Na ich zawodach zawodnicy i osoby towarzyszące otrzymali poczęstunek. Było ciepłe danie w postaci strogonowa, grochówki, rosołu, była kiełbaska na ognisko, kawa, herbata i ciasto. Wszystko bezpłatnie. Bardzo pomogła im społeczność wiejska przy przygotowaniu posiłków. Strażacy z OSP Babice zabezpieczali teren.

- Pierwszego dnia zawodów była piękna pogoda, lecz w niedzielę po południu zaczęło padać. Zorganizowaliśmy także zawody dla dzieci, tzw. Mini TREC. 17 uczestników miało do pokonania kilka małych przeszkód. Startowali samodzielnie lub z wolontariuszemrelacjonuje pani Beata.

Koncentrują się na dzieciach i młodzieży. Robią warsztaty w dłuższe okresy wolne od szkoły

Zawody w Babicach zorganizowane zostały po raz trzeci. Są ogólnopolskie, każdy może na nie przyjechać, problemem są jedynie dystans i koszt.

Piotr Diakowski: 

- Zawodnicy byli m.in. spod Olsztyna, Szczytna, Włodawy, Krakowa, Warszawy, Rzeszowa i Lublina. Doceniamy przyjazd każdego zawodnika. Zdajemy sobie sprawę, że są to duże koszty. Trzeba opłacić transport konia, udział w zawodach i pobyt konia w stajni, trzeba załatwić sobie nocleg, bo my jako organizatorzy dajemy go tylko sędziom, którzy w liczbie od 12 do 15 pracują na zasadzie wolontariatu.

Państwo Diakowscy chcą promować nową konkurencję. To jest wszechstronna praca z koniem, a nie zmagania sportowe sensu stricto.

- Nasze konie nie muszą mieć dużych predyspozycji do rywalizacji, ale jeździec powinien dobrze się ze zwierzęciem dogadywać i z nim współpracować. Przykładowo na równoważnię koń ma wejść, nie spanikować i z równoważni zejść. Konie nie lubią mostków i muszą zaufać swoim jeźdźcom. Jest taka przeszkoda jak nieruchomość. Trzeba wstawić konia do kółka, zejść z niego i zwierzę ma 10 sekund, aby stać samo w tym kółku. Jeździec nie może wydawać mu poleceń gestami, może tylko mówić – wyjaśnia pani Beata. 

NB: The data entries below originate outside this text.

lemma down_set_emb:
  assumes "v \<noteq> r" "0 \<le> \<sigma>" "\<sigma> \<le> 1"
  shows "{y \<in> realization r par. y \<le> emb r par v \<sigma>}
    = emb r par v ` {\<sigma>..1} \<union> {y \<in> realization r par. y \<le> vtx r par (par v)}"
proof (intro equalityI subsetI)
  fix y assume y: "y \<in> {y \<in> realization r par. y \<le> emb r par v \<sigma>}"
  then show "y \<in> emb r par v ` {\<sigma>..1} \<union> {y \<in> realization r par. y \<le> vtx r par (par v)}"
    using assms(1,2) emb_top[OF assms(1)] by (auto elim: le_emb_cases)
next
  fix y assume "y \<in> emb r par v ` {\<sigma>..1} \<union> {y \<in> realization r par. y \<le> vtx r par (par v)}"
  then show "y \<in> {y \<in> realization r par. y \<le> emb r par v \<sigma>}"
  proof
    assume "y \<in> emb r par v ` {\<sigma>..1}"
    then obtain s where "\<sigma> \<le> s" "s \<le> 1" "y = emb r par v s" by auto
    then show ?thesis using assms(1,2) by (simp add: emb_in_realization emb_antimono)
  next
    assume "y \<in> {y \<in> realization r par. y \<le> vtx r par (par v)}"
    moreover have "vtx r par (par v) \<le> emb r par v \<sigma>"
      using emb_top[OF assms(1)] emb_antimono assms(3) by metis
    ultimately show ?thesis by auto
  qed
qed

lemma edge_inter_down_set_top:
  assumes "v \<noteq> r"
  shows "emb r par v ` {\<sigma>..1} \<inter> {y \<in> realization r par. y \<le> vtx r par (par v)}
    \<subseteq> {vtx r par (par v)}"
proof
  fix y assume y: "y \<in> emb r par v ` {\<sigma>..1} \<inter> {y \<in> realization r par. y \<le> vtx r par (par v)}"
  then obtain s where s: "s \<le> 1" "y = emb r par v s" by auto
  have "y $ v \<le> vtx r par (par v) $ v" using y by (auto simp: less_eq_vec_def)
  also have "\<dots> = 0" using emb_top[OF assms, symmetric] by simp
  finally have "s = 1" using s by simp
  then show "y \<in> {vtx r par (par v)}" using s emb_top[OF assms] by simp
qed

lemma arc_emb_to_root:
  "(par ^^ n) v = r \<Longrightarrow> v \<noteq> r \<Longrightarrow> 0 \<le> \<sigma> \<Longrightarrow> \<sigma> < 1 \<Longrightarrow>
    \<exists>\<gamma>. arc \<gamma> \<and> pathstart \<gamma> = emb r par v \<sigma> \<and> pathfinish \<gamma> = 0 \<and>
      path_image \<gamma> = {y \<in> realization r par. y \<le> emb r par v \<sigma>}"
proof (induction n arbitrary: v \<sigma>)
  case 0
  then show ?case by simp
next
  case (Suc n)
  define seg where "seg = linepath (emb r par v \<sigma>) (emb r par v 1)"
  have "emb r par v \<sigma> \<noteq> emb r par v 1" using Suc.prems(4) by (auto simp: vec_eq_iff)
  then have "arc seg" unfolding seg_def by (rule arc_linepath)
  have seg_image: "path_image seg = emb r par v ` {\<sigma>..1}"
    unfolding seg_def by (rule path_image_linepath_emb) (use Suc.prems(4) in simp)
  have seg_end: "pathfinish seg = vtx r par (par v)"
    unfolding seg_def using emb_top[OF Suc.prems(2)] by simp
  have down: "{y \<in> realization r par. y \<le> emb r par v \<sigma>}
      = path_image seg \<union> {y \<in> realization r par. y \<le> vtx r par (par v)}"
    unfolding seg_image using Suc.prems by (simp add: down_set_emb)
  show ?case
  proof (cases "par v = r")
    case True
    then have "vtx r par (par v) = 0" by (simp add: vtx_def)
    then have "{y \<in> realization r par. y \<le> vtx r par (par v)} = {pathfinish seg}"
      using seg_end
      by (auto intro: order.antisym dest: realization_nonneg simp: zero_in_realization)
    then show ?thesis
      using \<open>arc seg\<close> seg_end True down by (intro exI[of _ seg]) (auto simp: seg_def vtx_def)
  next
    case False
    have "(par ^^ n) (par v) = r"
      using Suc.prems(1) by (simp add: funpow_Suc_right del: funpow.simps)
    with Suc.IH[of "par v" 0] False obtain \<gamma> where \<gamma>: "arc \<gamma>"
      "pathstart \<gamma> = vtx r par (par v)" "pathfinish \<gamma> = 0"
      "path_image \<gamma> = {y \<in> realization r par. y \<le> vtx r par (par v)}"
      by (auto simp: vtx_def)
    have "path_image seg \<inter> path_image \<gamma> \<subseteq> {pathstart \<gamma>}"
      using edge_inter_down_set_top[OF Suc.prems(2), of \<sigma>] seg_image \<gamma>(2,4) by simp
    then have "arc (seg +++ \<gamma>)" using \<open>arc seg\<close> \<gamma>(1,2) seg_end by (intro arc_join) auto
    moreover have "path_image (seg +++ \<gamma>) = {y \<in> realization r par. y \<le> emb r par v \<sigma>}"
      using seg_end \<gamma>(2,4) down by (simp add: path_image_join)
    ultimately show ?thesis using \<gamma>(3) by (intro exI[of _ "seg +++ \<gamma>"]) (simp add: seg_def)
  qed
qed

lemma arc_to_root:
  assumes "x \<in> realization r par" "x \<noteq> 0"
  obtains \<gamma> where "arc \<gamma>" "pathstart \<gamma> = x" "pathfinish \<gamma> = 0"
    "path_image \<gamma> = {y \<in> realization r par. y \<le> x}"
proof -
  from assms obtain v \<sigma> where "v \<noteq> r" "0 \<le> \<sigma>" "\<sigma> < 1" "x = emb r par v \<sigma>"
    by (auto elim: realization_cases)
  moreover obtain n where "(par ^^ n) v = r" using reaches_root by blast
  ultimately show thesis using that arc_emb_to_root by blast
qed

lemma arc_through:
  assumes "x \<in> realization r par" "y \<in> realization r par" "y < x"
  obtains \<gamma> s where "arc \<gamma>" "pathstart \<gamma> = x" "pathfinish \<gamma> = 0"
    "path_image \<gamma> \<subseteq> realization r par" "0 < s" "s \<le> 1" "\<gamma> s = y"
proof -
  have "x \<noteq> 0" using assms(2,3) realization_nonneg by fastforce
  with assms(1) obtain \<gamma> where \<gamma>: "arc \<gamma>" "pathstart \<gamma> = x" "pathfinish \<gamma> = 0"
    "path_image \<gamma> = {y \<in> realization r par. y \<le> x}"
    by (rule arc_to_root)
  then have "y \<in> path_image \<gamma>" using assms(2,3) by simp
  then obtain s where "s \<in> {0..1}" "\<gamma> s = y" unfolding path_image_def by blast
  moreover have "s \<noteq> 0" using \<gamma>(2) \<open>\<gamma> s = y\<close> assms(3) unfolding pathstart_def by auto
  ultimately show thesis using \<gamma>(4) by (intro that[OF \<gamma>(1,2,3)]) auto
qed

W zawodach TREC-owych jest możliwość rezygnacji z próby pokonania niewygodnej dla konia przeszkody. Wówczas jeździec podjeżdża do przeszkody, przy której stoi sędzia, podnosi prawą rękę i mówi, że rezygnuje.

Beata Diakowska: 

- Nie otrzymuje wówczas punktów za przeszkodę, a sędzia pozwala mu ją ominąć i jechać dalej. Wiadomo, że jeśli ktoś tak zrobi, to nie jest kandydatem do wygranej. Tutaj jednak nie chodzi tylko o medale, ale o spędzenie czasu ze swoim koniem i sprawdzenie, na ile jesteśmy ze zwierzęciem zgrani.

Pan Piotr dwa lata temu był na mistrzostwach świata TREC we Francji jako przedstawiciel PTTK. Podczas zawodów na 118 zawodników 114 nie zaliczyło wsiadania na konia z prawej strony, czyli odwrotnie od zwyczajowej zasady wsiadania ze strony lewej. Prowadzą jazdę konną, uczą dzieci jazdy. Posiadają stałych uczniów, cały czas zapraszają nowych.

- Generalnie koncentrujemy się na dzieciach i młodzieży. Robimy warsztaty w dłuższe okresy wolne od szkoły. Swoje pensjonariuszki na hipoterapię przywozi Dom Pomocy Społecznej. Na jazdy terapeutyczne przyjeżdżają osoby indywidualne. Najwięcej dzieje się oczywiście w wakacje, ale działamy cały rok – opowiada pan Piotr.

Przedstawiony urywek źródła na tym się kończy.